====== THE RECORDS

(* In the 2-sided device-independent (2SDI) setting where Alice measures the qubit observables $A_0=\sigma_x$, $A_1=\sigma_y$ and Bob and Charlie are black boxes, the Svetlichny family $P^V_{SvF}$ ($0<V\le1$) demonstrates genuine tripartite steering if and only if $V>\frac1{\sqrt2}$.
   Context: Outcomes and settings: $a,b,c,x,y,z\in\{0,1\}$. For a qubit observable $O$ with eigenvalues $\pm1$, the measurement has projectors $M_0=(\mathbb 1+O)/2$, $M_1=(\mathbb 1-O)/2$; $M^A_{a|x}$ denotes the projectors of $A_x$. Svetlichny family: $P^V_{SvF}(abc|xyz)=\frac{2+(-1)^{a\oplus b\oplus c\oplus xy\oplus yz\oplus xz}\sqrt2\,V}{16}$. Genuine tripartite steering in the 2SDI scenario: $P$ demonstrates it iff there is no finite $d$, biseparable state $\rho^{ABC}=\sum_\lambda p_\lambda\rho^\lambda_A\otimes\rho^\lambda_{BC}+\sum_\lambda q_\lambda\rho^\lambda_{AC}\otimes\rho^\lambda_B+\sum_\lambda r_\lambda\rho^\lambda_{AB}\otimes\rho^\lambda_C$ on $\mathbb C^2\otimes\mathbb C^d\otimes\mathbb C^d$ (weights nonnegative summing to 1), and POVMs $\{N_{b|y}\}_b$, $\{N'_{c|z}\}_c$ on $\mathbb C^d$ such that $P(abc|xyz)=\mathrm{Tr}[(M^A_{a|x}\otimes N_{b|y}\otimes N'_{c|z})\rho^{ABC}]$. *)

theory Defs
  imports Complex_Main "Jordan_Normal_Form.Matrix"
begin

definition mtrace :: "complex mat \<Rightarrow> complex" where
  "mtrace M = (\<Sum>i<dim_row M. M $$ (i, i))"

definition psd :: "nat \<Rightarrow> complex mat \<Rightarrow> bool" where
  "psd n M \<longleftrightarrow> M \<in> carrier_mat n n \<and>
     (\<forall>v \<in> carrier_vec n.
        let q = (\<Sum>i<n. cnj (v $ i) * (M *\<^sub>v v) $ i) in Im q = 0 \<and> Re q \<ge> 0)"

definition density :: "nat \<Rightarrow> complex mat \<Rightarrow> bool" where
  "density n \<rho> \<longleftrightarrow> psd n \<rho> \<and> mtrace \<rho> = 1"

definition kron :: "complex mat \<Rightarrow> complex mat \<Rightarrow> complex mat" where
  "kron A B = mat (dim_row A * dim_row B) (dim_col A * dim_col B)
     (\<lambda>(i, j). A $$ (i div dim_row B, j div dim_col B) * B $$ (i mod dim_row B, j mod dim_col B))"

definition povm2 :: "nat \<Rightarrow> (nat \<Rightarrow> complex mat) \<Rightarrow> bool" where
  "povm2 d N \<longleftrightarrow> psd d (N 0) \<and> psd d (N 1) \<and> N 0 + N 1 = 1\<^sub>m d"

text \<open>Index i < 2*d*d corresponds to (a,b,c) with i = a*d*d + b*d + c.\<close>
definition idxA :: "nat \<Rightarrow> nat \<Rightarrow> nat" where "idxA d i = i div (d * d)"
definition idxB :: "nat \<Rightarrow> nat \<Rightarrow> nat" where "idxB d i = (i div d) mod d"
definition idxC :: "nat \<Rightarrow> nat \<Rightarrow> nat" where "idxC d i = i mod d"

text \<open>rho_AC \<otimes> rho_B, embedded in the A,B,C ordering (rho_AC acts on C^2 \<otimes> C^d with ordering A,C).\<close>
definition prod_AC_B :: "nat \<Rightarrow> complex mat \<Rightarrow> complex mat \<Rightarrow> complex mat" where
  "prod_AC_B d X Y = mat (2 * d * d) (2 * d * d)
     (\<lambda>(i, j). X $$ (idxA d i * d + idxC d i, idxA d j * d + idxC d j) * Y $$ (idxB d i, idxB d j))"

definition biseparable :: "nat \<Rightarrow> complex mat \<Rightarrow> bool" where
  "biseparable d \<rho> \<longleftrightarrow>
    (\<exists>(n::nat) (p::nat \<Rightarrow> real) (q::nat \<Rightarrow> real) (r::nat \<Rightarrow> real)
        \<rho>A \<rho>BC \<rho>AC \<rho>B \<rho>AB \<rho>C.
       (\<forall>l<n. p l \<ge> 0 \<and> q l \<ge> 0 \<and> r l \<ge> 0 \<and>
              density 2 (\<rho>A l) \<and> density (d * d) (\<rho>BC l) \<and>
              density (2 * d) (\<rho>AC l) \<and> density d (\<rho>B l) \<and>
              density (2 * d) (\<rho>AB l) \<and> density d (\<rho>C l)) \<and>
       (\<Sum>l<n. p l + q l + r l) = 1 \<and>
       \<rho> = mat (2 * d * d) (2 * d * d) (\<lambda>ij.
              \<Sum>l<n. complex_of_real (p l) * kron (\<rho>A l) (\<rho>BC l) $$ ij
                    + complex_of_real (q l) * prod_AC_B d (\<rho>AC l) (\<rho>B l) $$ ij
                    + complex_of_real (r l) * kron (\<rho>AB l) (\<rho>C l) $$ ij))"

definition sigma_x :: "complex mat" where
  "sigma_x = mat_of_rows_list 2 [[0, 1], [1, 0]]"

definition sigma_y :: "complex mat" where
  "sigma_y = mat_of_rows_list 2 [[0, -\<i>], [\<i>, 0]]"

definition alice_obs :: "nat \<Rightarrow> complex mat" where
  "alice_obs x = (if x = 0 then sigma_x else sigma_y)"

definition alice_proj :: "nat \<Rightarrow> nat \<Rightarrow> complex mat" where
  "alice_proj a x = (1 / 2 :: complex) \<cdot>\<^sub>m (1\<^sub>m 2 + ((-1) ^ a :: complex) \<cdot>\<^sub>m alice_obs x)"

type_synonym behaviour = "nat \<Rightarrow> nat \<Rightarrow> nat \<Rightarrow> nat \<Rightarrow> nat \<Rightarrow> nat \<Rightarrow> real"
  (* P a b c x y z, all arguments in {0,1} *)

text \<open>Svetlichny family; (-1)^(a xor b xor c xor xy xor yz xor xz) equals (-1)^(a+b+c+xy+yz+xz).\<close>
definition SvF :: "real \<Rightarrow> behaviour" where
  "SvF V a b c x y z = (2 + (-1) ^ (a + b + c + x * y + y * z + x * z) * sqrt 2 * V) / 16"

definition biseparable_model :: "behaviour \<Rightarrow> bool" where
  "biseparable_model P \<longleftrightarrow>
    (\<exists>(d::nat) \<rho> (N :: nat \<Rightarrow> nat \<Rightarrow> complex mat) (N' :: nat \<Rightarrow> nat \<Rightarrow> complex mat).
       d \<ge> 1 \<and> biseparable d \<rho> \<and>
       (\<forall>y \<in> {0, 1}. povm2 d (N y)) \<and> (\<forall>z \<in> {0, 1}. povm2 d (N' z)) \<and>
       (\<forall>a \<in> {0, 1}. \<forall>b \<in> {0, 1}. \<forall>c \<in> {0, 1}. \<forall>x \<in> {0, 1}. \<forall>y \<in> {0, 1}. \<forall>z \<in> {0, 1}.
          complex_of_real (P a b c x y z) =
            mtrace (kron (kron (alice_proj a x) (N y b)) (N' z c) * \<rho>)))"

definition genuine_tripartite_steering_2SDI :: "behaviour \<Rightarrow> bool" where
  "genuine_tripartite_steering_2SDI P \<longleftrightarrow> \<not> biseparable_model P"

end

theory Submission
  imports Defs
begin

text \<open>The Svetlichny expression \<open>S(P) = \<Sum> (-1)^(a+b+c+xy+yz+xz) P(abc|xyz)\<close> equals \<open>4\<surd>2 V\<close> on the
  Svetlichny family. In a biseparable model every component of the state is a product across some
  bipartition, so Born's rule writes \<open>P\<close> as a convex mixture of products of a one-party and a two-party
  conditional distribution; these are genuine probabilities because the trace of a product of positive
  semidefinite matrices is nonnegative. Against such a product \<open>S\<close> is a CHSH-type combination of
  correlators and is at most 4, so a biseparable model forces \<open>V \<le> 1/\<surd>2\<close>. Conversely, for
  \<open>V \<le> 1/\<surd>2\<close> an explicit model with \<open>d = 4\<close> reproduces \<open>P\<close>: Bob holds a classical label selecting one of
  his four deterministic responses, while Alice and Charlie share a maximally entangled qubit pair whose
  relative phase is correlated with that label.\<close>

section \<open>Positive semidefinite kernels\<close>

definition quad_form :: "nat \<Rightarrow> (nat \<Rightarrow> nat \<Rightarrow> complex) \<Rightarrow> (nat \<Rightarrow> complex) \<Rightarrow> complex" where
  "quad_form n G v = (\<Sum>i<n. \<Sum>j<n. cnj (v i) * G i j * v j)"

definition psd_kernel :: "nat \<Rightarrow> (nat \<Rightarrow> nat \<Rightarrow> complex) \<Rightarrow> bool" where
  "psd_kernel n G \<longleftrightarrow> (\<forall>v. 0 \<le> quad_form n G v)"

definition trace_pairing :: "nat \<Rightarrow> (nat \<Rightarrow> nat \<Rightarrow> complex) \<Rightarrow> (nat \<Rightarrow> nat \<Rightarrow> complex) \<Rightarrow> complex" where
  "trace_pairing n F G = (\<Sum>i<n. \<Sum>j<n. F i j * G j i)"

============
====== THE RECORDS

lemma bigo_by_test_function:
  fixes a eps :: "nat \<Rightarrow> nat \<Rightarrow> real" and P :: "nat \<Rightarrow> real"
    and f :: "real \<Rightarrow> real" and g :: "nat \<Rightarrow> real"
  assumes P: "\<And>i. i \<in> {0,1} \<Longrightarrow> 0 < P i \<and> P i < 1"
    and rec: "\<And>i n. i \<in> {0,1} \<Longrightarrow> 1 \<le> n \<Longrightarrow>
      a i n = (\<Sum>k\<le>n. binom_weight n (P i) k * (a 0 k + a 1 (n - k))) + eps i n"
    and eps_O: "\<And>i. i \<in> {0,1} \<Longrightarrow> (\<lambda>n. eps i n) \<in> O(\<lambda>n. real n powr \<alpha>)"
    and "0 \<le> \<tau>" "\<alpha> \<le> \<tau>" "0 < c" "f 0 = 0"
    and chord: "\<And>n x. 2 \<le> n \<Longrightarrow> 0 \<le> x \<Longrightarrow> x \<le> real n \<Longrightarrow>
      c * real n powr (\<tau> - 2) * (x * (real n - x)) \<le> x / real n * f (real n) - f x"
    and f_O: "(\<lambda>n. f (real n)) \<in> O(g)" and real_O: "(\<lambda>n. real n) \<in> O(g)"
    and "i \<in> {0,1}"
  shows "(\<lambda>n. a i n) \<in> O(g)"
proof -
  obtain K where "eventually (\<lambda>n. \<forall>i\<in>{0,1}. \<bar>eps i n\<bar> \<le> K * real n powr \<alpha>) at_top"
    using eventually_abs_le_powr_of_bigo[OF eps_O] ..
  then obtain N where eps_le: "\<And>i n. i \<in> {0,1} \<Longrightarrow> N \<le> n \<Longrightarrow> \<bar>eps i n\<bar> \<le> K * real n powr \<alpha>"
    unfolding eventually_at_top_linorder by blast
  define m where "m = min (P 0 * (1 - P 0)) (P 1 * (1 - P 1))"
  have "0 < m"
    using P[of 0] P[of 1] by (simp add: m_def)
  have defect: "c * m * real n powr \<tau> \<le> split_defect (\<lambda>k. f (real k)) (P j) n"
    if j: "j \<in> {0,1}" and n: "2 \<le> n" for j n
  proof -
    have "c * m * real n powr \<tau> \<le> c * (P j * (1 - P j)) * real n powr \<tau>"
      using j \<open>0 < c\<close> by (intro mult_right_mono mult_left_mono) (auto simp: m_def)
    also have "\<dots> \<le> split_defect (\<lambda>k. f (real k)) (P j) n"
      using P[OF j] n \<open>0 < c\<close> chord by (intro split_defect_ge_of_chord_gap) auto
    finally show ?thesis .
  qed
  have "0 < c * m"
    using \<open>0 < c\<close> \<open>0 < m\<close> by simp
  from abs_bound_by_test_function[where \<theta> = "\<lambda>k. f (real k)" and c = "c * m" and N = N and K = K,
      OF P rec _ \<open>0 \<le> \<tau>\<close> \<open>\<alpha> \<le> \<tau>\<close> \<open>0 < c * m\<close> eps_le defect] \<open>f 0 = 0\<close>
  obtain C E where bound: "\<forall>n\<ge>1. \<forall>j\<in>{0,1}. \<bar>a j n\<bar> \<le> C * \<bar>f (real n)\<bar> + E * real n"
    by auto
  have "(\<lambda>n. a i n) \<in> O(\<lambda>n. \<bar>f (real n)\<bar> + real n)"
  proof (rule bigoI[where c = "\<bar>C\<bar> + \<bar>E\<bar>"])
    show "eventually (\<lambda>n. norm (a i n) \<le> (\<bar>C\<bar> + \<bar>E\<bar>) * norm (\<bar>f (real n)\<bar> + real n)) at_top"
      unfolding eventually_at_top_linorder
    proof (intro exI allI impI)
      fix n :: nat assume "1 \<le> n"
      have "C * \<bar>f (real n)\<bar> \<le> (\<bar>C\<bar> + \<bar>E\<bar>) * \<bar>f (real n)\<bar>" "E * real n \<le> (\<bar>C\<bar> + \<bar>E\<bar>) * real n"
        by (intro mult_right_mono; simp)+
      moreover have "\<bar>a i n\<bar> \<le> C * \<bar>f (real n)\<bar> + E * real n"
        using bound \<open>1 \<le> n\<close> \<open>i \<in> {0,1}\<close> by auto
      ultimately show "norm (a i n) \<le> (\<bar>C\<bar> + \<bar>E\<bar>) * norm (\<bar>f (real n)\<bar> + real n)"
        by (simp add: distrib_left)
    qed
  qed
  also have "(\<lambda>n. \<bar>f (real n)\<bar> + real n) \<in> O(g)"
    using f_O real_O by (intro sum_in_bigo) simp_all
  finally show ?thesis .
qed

============

Looking at the entries above, can you reproduce exactly the lines from the one that holds "(* In the 2-sided" through the one that holds "Context: Outcomes and", and only those?

> EXERCISE ANSWER:
(* In the 2-sided device-independent (2SDI) setting where Alice measures the qubit observables $A_0=\sigma_x$, $A_1=\sigma_y$ and Bob and Charlie are black boxes, the Svetlichny family $P^V_{SvF}$ ($0<V\le1$) demonstrates genuine tripartite steering if and only if $V>\frac1{\sqrt2}$.
   Context: Outcomes and settings: $a,b,c,x,y,z\in\{0,1\}$. For a qubit observable $O$ with eigenvalues $\pm1$, the measurement has projectors $M_0=(\mathbb 1+O)/2$, $M_1=(\mathbb 1-O)/2$; $M^A_{a|x}$ denotes the projectors of $A_x$. Svetlichny family: $P^V_{SvF}(abc|xyz)=\frac{2+(-1)^{a\oplus b\oplus c\oplus xy\oplus yz\oplus xz}\sqrt2\,V}{16}$. Genuine tripartite steering in the 2SDI scenario: $P$ demonstrates it iff there is no finite $d$, biseparable state $\rho^{ABC}=\sum_\lambda p_\lambda\rho^\lambda_A\otimes\rho^\lambda_{BC}+\sum_\lambda q_\lambda\rho^\lambda_{AC}\otimes\rho^\lambda_B+\sum_\lambda r_\lambda\rho^\lambda_{AB}\otimes\rho^\lambda_C$ on $\mathbb C^2\otimes\mathbb C^d\otimes\mathbb C^d$ (weights nonnegative summing to 1), and POVMs $\{N_{b|y}\}_b$, $\{N'_{c|z}\}_c$ on $\mathbb C^d$ such that $P(abc|xyz)=\mathrm{Tr}[(M^A_{a|x}\otimes N_{b|y}\otimes N'_{c|z})\rho^{ABC}]$. *)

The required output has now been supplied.